== Segment start ==

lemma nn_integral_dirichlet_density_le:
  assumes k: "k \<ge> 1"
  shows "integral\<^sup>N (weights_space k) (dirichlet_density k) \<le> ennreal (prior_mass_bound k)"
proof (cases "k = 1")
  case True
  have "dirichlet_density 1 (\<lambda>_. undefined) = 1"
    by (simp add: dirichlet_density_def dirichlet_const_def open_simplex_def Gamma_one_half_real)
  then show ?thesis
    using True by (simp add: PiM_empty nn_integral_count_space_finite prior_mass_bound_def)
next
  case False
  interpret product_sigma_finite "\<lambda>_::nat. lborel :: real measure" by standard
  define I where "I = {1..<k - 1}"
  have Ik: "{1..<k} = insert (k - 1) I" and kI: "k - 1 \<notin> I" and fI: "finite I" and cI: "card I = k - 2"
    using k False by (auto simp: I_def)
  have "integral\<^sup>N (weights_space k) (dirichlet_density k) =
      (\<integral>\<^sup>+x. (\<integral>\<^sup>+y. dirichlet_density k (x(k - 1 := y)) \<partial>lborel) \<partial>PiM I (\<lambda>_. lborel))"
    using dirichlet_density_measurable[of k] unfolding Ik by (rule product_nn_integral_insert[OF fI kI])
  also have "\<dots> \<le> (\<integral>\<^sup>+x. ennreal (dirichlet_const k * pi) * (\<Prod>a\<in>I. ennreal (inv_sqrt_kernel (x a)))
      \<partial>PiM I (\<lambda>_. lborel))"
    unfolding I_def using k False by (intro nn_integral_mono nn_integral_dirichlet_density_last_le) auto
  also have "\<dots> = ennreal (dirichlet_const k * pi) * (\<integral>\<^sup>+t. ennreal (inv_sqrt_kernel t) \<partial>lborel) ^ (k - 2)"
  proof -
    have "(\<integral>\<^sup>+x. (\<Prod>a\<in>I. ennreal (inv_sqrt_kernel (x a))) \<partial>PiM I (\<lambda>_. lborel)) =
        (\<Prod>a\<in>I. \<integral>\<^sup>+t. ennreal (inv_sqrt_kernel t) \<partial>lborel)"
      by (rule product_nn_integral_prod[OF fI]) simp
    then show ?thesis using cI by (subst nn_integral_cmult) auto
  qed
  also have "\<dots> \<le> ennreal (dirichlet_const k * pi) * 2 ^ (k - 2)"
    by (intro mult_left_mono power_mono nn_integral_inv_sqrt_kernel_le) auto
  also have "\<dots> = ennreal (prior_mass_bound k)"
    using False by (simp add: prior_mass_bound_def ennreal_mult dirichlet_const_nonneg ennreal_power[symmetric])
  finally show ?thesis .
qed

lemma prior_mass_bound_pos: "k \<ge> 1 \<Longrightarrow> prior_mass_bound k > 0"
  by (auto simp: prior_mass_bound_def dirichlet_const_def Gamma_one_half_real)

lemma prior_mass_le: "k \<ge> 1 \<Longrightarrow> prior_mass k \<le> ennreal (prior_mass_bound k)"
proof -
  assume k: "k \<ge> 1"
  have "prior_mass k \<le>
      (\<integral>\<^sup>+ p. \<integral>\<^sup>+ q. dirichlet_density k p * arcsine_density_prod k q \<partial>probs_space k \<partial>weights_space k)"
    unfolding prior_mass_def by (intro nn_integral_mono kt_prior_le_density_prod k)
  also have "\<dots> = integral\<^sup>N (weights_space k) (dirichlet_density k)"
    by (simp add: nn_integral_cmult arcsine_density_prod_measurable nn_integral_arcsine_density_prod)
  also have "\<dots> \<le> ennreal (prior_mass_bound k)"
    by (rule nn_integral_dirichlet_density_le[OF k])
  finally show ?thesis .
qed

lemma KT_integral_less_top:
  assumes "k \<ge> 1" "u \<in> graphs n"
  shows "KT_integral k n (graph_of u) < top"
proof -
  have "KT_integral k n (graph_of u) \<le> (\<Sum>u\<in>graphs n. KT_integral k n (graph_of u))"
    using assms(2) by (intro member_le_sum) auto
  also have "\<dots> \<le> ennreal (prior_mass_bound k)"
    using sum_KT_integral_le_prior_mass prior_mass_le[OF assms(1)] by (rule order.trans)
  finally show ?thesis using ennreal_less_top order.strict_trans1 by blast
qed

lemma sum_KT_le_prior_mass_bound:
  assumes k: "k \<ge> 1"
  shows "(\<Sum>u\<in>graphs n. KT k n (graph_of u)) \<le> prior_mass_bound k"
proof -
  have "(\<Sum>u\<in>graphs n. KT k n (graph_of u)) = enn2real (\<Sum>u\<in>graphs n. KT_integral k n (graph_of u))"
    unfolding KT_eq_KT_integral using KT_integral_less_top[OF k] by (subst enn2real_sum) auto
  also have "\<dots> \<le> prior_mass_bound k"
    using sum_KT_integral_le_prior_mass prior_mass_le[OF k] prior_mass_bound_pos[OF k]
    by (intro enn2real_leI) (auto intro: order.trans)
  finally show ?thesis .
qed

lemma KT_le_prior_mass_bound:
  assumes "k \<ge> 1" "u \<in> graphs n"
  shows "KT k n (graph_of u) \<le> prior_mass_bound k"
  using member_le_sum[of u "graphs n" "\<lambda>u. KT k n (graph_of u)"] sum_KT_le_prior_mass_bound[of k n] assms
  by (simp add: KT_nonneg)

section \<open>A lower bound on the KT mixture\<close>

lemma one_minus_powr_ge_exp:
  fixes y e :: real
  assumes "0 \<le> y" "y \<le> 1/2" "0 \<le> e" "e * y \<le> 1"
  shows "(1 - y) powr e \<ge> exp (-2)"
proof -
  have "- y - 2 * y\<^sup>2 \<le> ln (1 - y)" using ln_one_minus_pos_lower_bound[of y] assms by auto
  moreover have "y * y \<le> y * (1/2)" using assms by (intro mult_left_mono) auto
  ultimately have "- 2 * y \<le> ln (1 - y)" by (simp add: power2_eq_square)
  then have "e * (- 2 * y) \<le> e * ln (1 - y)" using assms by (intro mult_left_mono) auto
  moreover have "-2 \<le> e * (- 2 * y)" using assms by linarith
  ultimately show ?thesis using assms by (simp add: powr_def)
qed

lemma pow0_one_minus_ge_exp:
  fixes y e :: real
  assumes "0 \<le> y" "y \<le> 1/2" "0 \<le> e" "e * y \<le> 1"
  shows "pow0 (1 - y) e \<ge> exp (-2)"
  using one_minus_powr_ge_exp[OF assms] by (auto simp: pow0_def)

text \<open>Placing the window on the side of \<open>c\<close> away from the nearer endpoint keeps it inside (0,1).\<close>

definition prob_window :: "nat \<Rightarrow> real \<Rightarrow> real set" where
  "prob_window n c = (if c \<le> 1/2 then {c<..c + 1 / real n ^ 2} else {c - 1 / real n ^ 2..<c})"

== Segment end ==

Task prompt
In the data above, which lines lie between the line with "(\<integral>\<^sup>+ p. \<integral>\<^sup>+" and the line with "unfolding KT_eq_KT_integral using", inclusive? Print those lines exactly and nothing else.

Your solution
      (\<integral>\<^sup>+ p. \<integral>\<^sup>+ q. dirichlet_density k p * arcsine_density_prod k q \<partial>probs_space k \<partial>weights_space k)"
    unfolding prior_mass_def by (intro nn_integral_mono kt_prior_le_density_prod k)
  also have "\<dots> = integral\<^sup>N (weights_space k) (dirichlet_density k)"
    by (simp add: nn_integral_cmult arcsine_density_prod_measurable nn_integral_arcsine_density_prod)
  also have "\<dots> \<le> ennreal (prior_mass_bound k)"
    by (rule nn_integral_dirichlet_density_le[OF k])
  finally show ?thesis .
qed

lemma KT_integral_less_top:
  assumes "k \<ge> 1" "u \<in> graphs n"
  shows "KT_integral k n (graph_of u) < top"
proof -
  have "KT_integral k n (graph_of u) \<le> (\<Sum>u\<in>graphs n. KT_integral k n (graph_of u))"
    using assms(2) by (intro member_le_sum) auto
  also have "\<dots> \<le> ennreal (prior_mass_bound k)"
    using sum_KT_integral_le_prior_mass prior_mass_le[OF assms(1)] by (rule order.trans)
  finally show ?thesis using ennreal_less_top order.strict_trans1 by blast
qed

lemma sum_KT_le_prior_mass_bound:
  assumes k: "k \<ge> 1"
  shows "(\<Sum>u\<in>graphs n. KT k n (graph_of u)) \<le> prior_mass_bound k"
proof -
  have "(\<Sum>u\<in>graphs n. KT k n (graph_of u)) = enn2real (\<Sum>u\<in>graphs n. KT_integral k n (graph_of u))"
    unfolding KT_eq_KT_integral using KT_integral_less_top[OF k] by (subst enn2real_sum) auto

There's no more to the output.